Dangerous crossroads, the road to WW III?
Congress Is Bringing Back the Idea of a ‘Limited’ Nuclear War
“To me, it is all about deterrence. We need some capacity to be able to fill a deterrence gap. If we leave the gap, then we are at risk.”
By Jeff Schogol
Lawmakers are betting $45 million that a nuclear war does not automatically mean the end of the world.
Rep. Jim Cooper (D-Tenn.) recently added an amendment to the House version of the Fiscal 2023 National Defense Authorization Act that would provide $45 million for the Nuclear-Armed Sea-Launched Cruise Missile, even though President Joe Biden’s administration has indicated it wants to stop the program.
Defense officials have not said publicly how powerful the Nuclear-Armed Sea-Launched Cruise Missile is, but Pentagon spokesman Oscar Seára described it as a “low-yield weapon.”
The missile would give the U.S. military a relatively small nuclear weapon that is meant to deter Russia and China from using their own low-yield nuclear weapons because they assume the United States would not respond with far more powerful strategic weapons.
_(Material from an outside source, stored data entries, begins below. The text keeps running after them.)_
lemma rainbow_tree_within_rx3:
  assumes "\<exists>n c. three_rainbow_coloring G c \<and> c ` edges G \<subseteq> {..<n}"
    and "S \<subseteq> verts G" "card S = 3"
  shows "\<exists>T. subgraph T G \<and> is_tree T \<and> S \<subseteq> verts T \<and> card (edges T) \<le> rx3 G"
proof -
  obtain c where c: "three_rainbow_coloring G c" "c ` edges G \<subseteq> {..<rx3 G}"
    using rx3_attained[OF assms(1)] by blast
  then obtain T where T: "subgraph T G" "is_tree T" "rainbow c T" "S \<subseteq> verts T"
    using assms(2,3) unfolding three_rainbow_coloring_def by blast
  have "card (edges T) \<le> card {..<rx3 G}"
  proof (rule card_inj_on_le)
    show "inj_on c (edges T)" using T(3) unfolding rainbow_def .
    show "c ` edges T \<subseteq> {..<rx3 G}" using T(1) c(2) unfolding subgraph_def by blast
  qed simp
  then show ?thesis using T by (intro exI[of _ T]) auto
qed

lemma verts_cart_prod_list_Cons:
  "v \<in> verts (cart_prod_list (G # Gs)) \<longleftrightarrow>
     (\<exists>x xs. v = x # xs \<and> x \<in> verts G \<and> xs \<in> verts (cart_prod_list Gs))"
  by (auto simp: Let_def cart_prod_def verts_def)

lemma edges_cart_prod_list_Cons:
  "e \<in> edges (cart_prod_list (G # Gs)) \<longleftrightarrow>
   (\<exists>g1 h1 g2 h2. e = {g1 # h1, g2 # h2} \<and> g1 \<in> verts G \<and> g2 \<in> verts G \<and>
      h1 \<in> verts (cart_prod_list Gs) \<and> h2 \<in> verts (cart_prod_list Gs) \<and>
      ((g1 = g2 \<and> {h1, h2} \<in> edges (cart_prod_list Gs)) \<or> (h1 = h2 \<and> {g1, g2} \<in> edges G)))"
  unfolding cart_prod_list.simps Let_def cart_prod_def edges_def[of "(_, _)"] snd_conv
  by (auto simp: image_iff) (metis (no_types, lifting) image_empty image_insert prod.simps(2))+

declare cart_prod_list.simps(2) [simp del]

lemma verts_cart_prod_list:
  "v \<in> verts (cart_prod_list Gs) \<longleftrightarrow>
     length v = length Gs \<and> (\<forall>i<length Gs. v ! i \<in> verts (Gs ! i))"
proof (induction Gs arbitrary: v)
  case Nil
  then show ?case by (simp add: verts_def)
next
  case (Cons G Gs)
  show ?case
  proof (cases v)
    case (Cons x xs)
    then show ?thesis
      using Cons.IH[of xs] unfolding verts_cart_prod_list_Cons by (auto simp: All_less_Suc2)
  qed (simp add: verts_cart_prod_list_Cons)
qed

lemma edges_cart_prod_list_Cons_cases:
  assumes "e \<in> edges (cart_prod_list (G # Gs))" "simple_graph G"
  shows "(card (hd ` e) = 2 \<and> hd ` e \<in> edges G \<and> (\<exists>h. tl ` e = {h})) \<or>
         (card (hd ` e) = 1 \<and> tl ` e \<in> edges (cart_prod_list Gs))"
proof -
  obtain g1 h1 g2 h2 where e: "e = {g1 # h1, g2 # h2}"
      "(g1 = g2 \<and> {h1, h2} \<in> edges (cart_prod_list Gs)) \<or> (h1 = h2 \<and> {g1, g2} \<in> edges G)"
    using assms(1) unfolding edges_cart_prod_list_Cons by blast
  show ?thesis
  proof (cases "g1 = g2 \<and> {h1, h2} \<in> edges (cart_prod_list Gs)")
    case True
    then show ?thesis using e(1) by auto
  next
    case False
    then have "h1 = h2" "{g1, g2} \<in> edges G" using e(2) by auto
    moreover have "card {g1, g2} = 2" using assms(2) calculation(2) by (rule simple_graph_edge_card)
    ultimately show ?thesis using e(1) by auto
  qed
qed

lemma simple_graph_cart_prod_list:
  assumes "\<forall>G\<in>set Gs. simple_graph G"
  shows "simple_graph (cart_prod_list Gs)"
  using assms
proof (induction Gs)
  case Nil
  then show ?case by (simp add: simple_graph_def verts_def edges_def)
next
  case (Cons G Gs)
  then have G: "simple_graph G" and R: "simple_graph (cart_prod_list Gs)" by auto
  have "verts (cart_prod_list (G # Gs)) = (\<lambda>(x, xs). x # xs) ` (verts G \<times> verts (cart_prod_list Gs))"
    by (simp add: cart_prod_list.simps Let_def cart_prod_def verts_def)
  then have "finite (verts (cart_prod_list (G # Gs)))"
    using G R unfolding simple_graph_def by simp
  moreover have "e \<subseteq> verts (cart_prod_list (G # Gs)) \<and> card e = 2"
    if e: "e \<in> edges (cart_prod_list (G # Gs))" for e
  proof -
    obtain g1 h1 g2 h2 where gh: "e = {g1 # h1, g2 # h2}" "g1 \<in> verts G" "g2 \<in> verts G"
      "h1 \<in> verts (cart_prod_list Gs)" "h2 \<in> verts (cart_prod_list Gs)"
      using e unfolding edges_cart_prod_list_Cons by blast
    have "card (hd ` e) = 2 \<or> card (tl ` e) = 2"
      using edges_cart_prod_list_Cons_cases[OF e G] simple_graph_edge_card[OF R] by blast
    then have "g1 # h1 \<noteq> g2 # h2" using gh(1) by auto
    then show ?thesis using gh by (auto simp: verts_cart_prod_list_Cons)
  qed
  ultimately show ?case unfolding simple_graph_def by blast
qed

section \<open>Median colorings of products\<close>

definition head_layer :: "'b list \<Rightarrow> 'b set set \<Rightarrow> 'b list set set" where
  "head_layer h E = (\<lambda>e. (\<lambda>v. v # h) ` e) ` E"

definition tail_layer :: "'b \<Rightarrow> 'b list set set \<Rightarrow> 'b list set set" where
  "tail_layer x F = (\<lambda>e. (#) x ` e) ` F"

lemma head_layer_edge:
  assumes "e \<in> head_layer h E" "E \<subseteq> edges G" "simple_graph G"
  shows "card (hd ` e) = 2 \<and> hd ` e \<in> E \<and> e = (\<lambda>v. v # h) ` hd ` e"
proof -
  obtain e0 where e0: "e0 \<in> E" "e = (\<lambda>v. v # h) ` e0"
    using assms(1) unfolding head_layer_def by blast
  have "hd ` e = e0" unfolding e0(2) image_image by simp
  moreover have "card e0 = 2" using e0(1) assms(2,3) simple_graph_edge_card by blast
  ultimately show ?thesis using e0 by simp
qed

lemma tail_layer_edge:
  assumes "e \<in> tail_layer x F" "F \<subseteq> edges R" "simple_graph R"
  shows "card (hd ` e) = 1 \<and> tl ` e \<in> F \<and> e = (#) x ` tl ` e"
proof -
  obtain e0 where e0: "e0 \<in> F" "e = (#) x ` e0" using assms(1) unfolding tail_layer_def by blast
  have "tl ` e = e0" unfolding e0(2) image_image by simp
  moreover have "e0 \<noteq> {}" using e0(1) assms(2,3) simple_graph_edge_card by fastforce
  then have "hd ` e = {x}" unfolding e0(2) image_image by auto
  ultimately show ?thesis using e0 by simp
qed

lemma head_layer_subset_edges:
  assumes "simple_graph G" "E \<subseteq> edges G" "h \<in> verts (cart_prod_list Gs)"
  shows "head_layer h E \<subseteq> edges (cart_prod_list (G # Gs))"
proof
  fix e assume "e \<in> head_layer h E"
  then obtain e0 where e0: "e0 \<in> edges G" "e = (\<lambda>v. v # h) ` e0"
    using assms(2) unfolding head_layer_def by blast
  then obtain x y where "e0 = {x, y}"
    using simple_graph_edge_card[OF assms(1)] card_2_iff by metis
  moreover have "x \<in> verts G" "y \<in> verts G"
    using simple_graph_edge_subset[OF assms(1) e0(1)] calculation by auto
  ultimately show "e \<in> edges (cart_prod_list (G # Gs))"
    using e0 assms(3) unfolding edges_cart_prod_list_Cons by auto
qed

lemma tail_layer_subset_edges:
  assumes "simple_graph (cart_prod_list Gs)" "F \<subseteq> edges (cart_prod_list Gs)" "x \<in> verts G"
  shows "tail_layer x F \<subseteq> edges (cart_prod_list (G # Gs))"
proof
  fix e assume "e \<in> tail_layer x F"
  then obtain e0 where e0: "e0 \<in> edges (cart_prod_list Gs)" "e = (#) x ` e0"
    using assms(2) unfolding tail_layer_def by blast
  then obtain p q where "e0 = {p, q}"
    using simple_graph_edge_card[OF assms(1)] card_2_iff by metis
  moreover have "p \<in> verts (cart_prod_list Gs)" "q \<in> verts (cart_prod_list Gs)"
    using simple_graph_edge_subset[OF assms(1) e0(1)] calculation by auto
  ultimately show "e \<in> edges (cart_prod_list (G # Gs))"
    using e0 assms(3) unfolding edges_cart_prod_list_Cons by auto
qed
“Expanding flexible U.S. nuclear options now, to include low-yield options, is important for the preservation of credible deterrence against regional aggression,” according to the 2018 Nuclear Posture Review. “It will raise the nuclear threshold and help ensure that potential adversaries perceive no possible advantage in limited nuclear escalation, making nuclear employment less likely.”